- [About this exercise] Among the records that follow, count the lines where "close" appears, and state the count by itself.
======== Source information ========
(* Let $N$ be a positive integer and $t>-\log N$. For integers $n\ge N$ let $$\delta_n(t,N)=\int_N^{n+1}\frac{dx}{t+\log x}-\sum_{k=N}^{n}\frac{1}{t+\log(k+\frac12)},$$ and set $\delta_{N-1}(t,N)=0$. (1) The sequence $(\delta_n(t,N))_{n\ge N}$ is positive, strictly increasing and bounded above; hence $\delta(t,N)=\lim_{n\to\infty}\delta_n(t,N)>0$ exists. (2) For all $n\ge N$, $\delta(t,N)-\delta_{n-1}(t,N)=\delta(t,n)$ and $$\frac{1}{24(n+1)(t+\log(n+1))^2}\le\delta(t,n)\le\frac{1}{24(n+\frac12)(t+\log(n+\frac12))^2}+\frac{1}{24n^2(t+\log n)^2}+\frac{1}{12n^2(t+\log n)^3}.$$ (3) $\delta(t,N)=\delta_{n-1}(t,N)+\frac{1+o(1)}{24n(\log n)^2}$ as $n\to\infty$, and $\delta(t,N)=O\!\left(\frac1{Nt^2}\right)$ as $t\to\infty$, with implied constant independent of $N$. *)

theory Defs
  imports "HOL-Analysis.Analysis" "HOL-Library.Landau_Symbols"
begin

text \<open>delta_n(t,N) for n >= N; for n = N - 1 the formula gives 0 automatically
  (empty sum, integral over the degenerate interval [N,N]).\<close>
definition delta_seq :: "real \<Rightarrow> nat \<Rightarrow> nat \<Rightarrow> real" where
  "delta_seq t N n =
     integral {real N..real (n+1)} (\<lambda>x. 1 / (t + ln x))
     - (\<Sum>k=N..n. 1 / (t + ln (real k + 1/2)))"

definition delta :: "real \<Rightarrow> nat \<Rightarrow> real" where
  "delta t N = lim (\<lambda>n. delta_seq t N n)"

end

theory Submission
  imports Defs "HOL-Real_Asymp.Real_Asymp"
begin

text \<open>Let f(x) = 1/(t + ln x) for x > exp(-t). Then delta_n is a sum of midpoint-rule errors
  e_k = (integral of f over [k, k+1]) - f(k + 1/2). Taylor expansion of an antiderivative of f
  about k + 1/2 gives e_k = (f''(\<xi>) + f''(\<eta>))/48 with \<xi>, \<eta> \<in> [k, k+1]; since f'' is positive
  and decreasing, f''(k+1)/24 \<le> e_k \<le> f''(k)/24, so delta_n increases to delta = \<Sum> e_k.
  The bounds on the tail sum of the e_k over k \<ge> n telescope: f''(k+1) \<ge> f'(k+2) - f'(k+1) by
  the mean value theorem, and f''(k) \<le> f'(k+1/2) - f'(k-1/2) by the same symmetric Taylor
  expansion applied to f', because f'''' > 0. As f' tends to 0, the tails are squeezed between
  -f'(n+1)/24 and f''(n)/24 - f'(n+1/2)/24, both asymptotic to 1/(24 n (ln n)^2) and of order
  1/(n t^2).\<close>

lemma taylor_symmetric_difference:
  fixes g g' g'' g''' :: "real \<Rightarrow> real"
  assumes "0 < h"
    and "\<And>y. y \<in> {c-h..c+h} \<Longrightarrow> (g has_real_derivative g' y) (at y)"
    and "\<And>y. y \<in> {c-h..c+h} \<Longrightarrow> (g' has_real_derivative g'' y) (at y)"
    and "\<And>y. y \<in> {c-h..c+h} \<Longrightarrow> (g'' has_real_derivative g''' y) (at y)"
  shows "\<exists>z1\<in>{c-h..c+h}. \<exists>z2\<in>{c-h..c+h}.
           g (c+h) - g (c-h) = 2*h * g' c + h^3/6 * (g''' z1 + g''' z2)"
proof -
  define diff where "diff m = [g, g', g'', g'''] ! m" for m :: nat
  have derivs: "\<forall>m y. m < 3 \<and> c - h \<le> y \<and> y \<le> c + h \<longrightarrow>
                  (diff m has_real_derivative diff (Suc m) y) (at y)"
    using assms(2-4) by (auto simp: diff_def less_Suc_eq numeral_3_eq_3)
  have taylor: "(\<Sum>m<3. diff m c / fact m * x^m) = g c + g' c * x + g'' c / 2 * x^2" for x
    by (simp add: diff_def numeral_3_eq_3 eval_nat_numeral)
  obtain z1 where z1: "c < z1" "z1 < c + h"
      "g (c+h) = (\<Sum>m<3. diff m c / fact m * ((c+h) - c)^m) + diff 3 z1 / fact 3 * ((c+h) - c)^3"
    using Taylor[of 3 diff g "c-h" "c+h" c "c+h"] derivs \<open>0 < h\<close> by (auto simp: diff_def)
  obtain z2 where z2: "c - h < z2" "z2 < c"
      "g (c-h) = (\<Sum>m<3. diff m c / fact m * ((c-h) - c)^m) + diff 3 z2 / fact 3 * ((c-h) - c)^3"
    using Taylor[of 3 diff g "c-h" "c+h" c "c-h"] derivs \<open>0 < h\<close> by (auto simp: diff_def)
  have "g (c+h) - g (c-h) = 2*h * g' c + h^3/6 * (g''' z1 + g''' z2)"
    unfolding z1(3) z2(3) taylor by (simp add: diff_def fact_numeral field_simps eval_nat_numeral)
  with z1 z2 show ?thesis by force
qed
========
- [Exercise solution] 4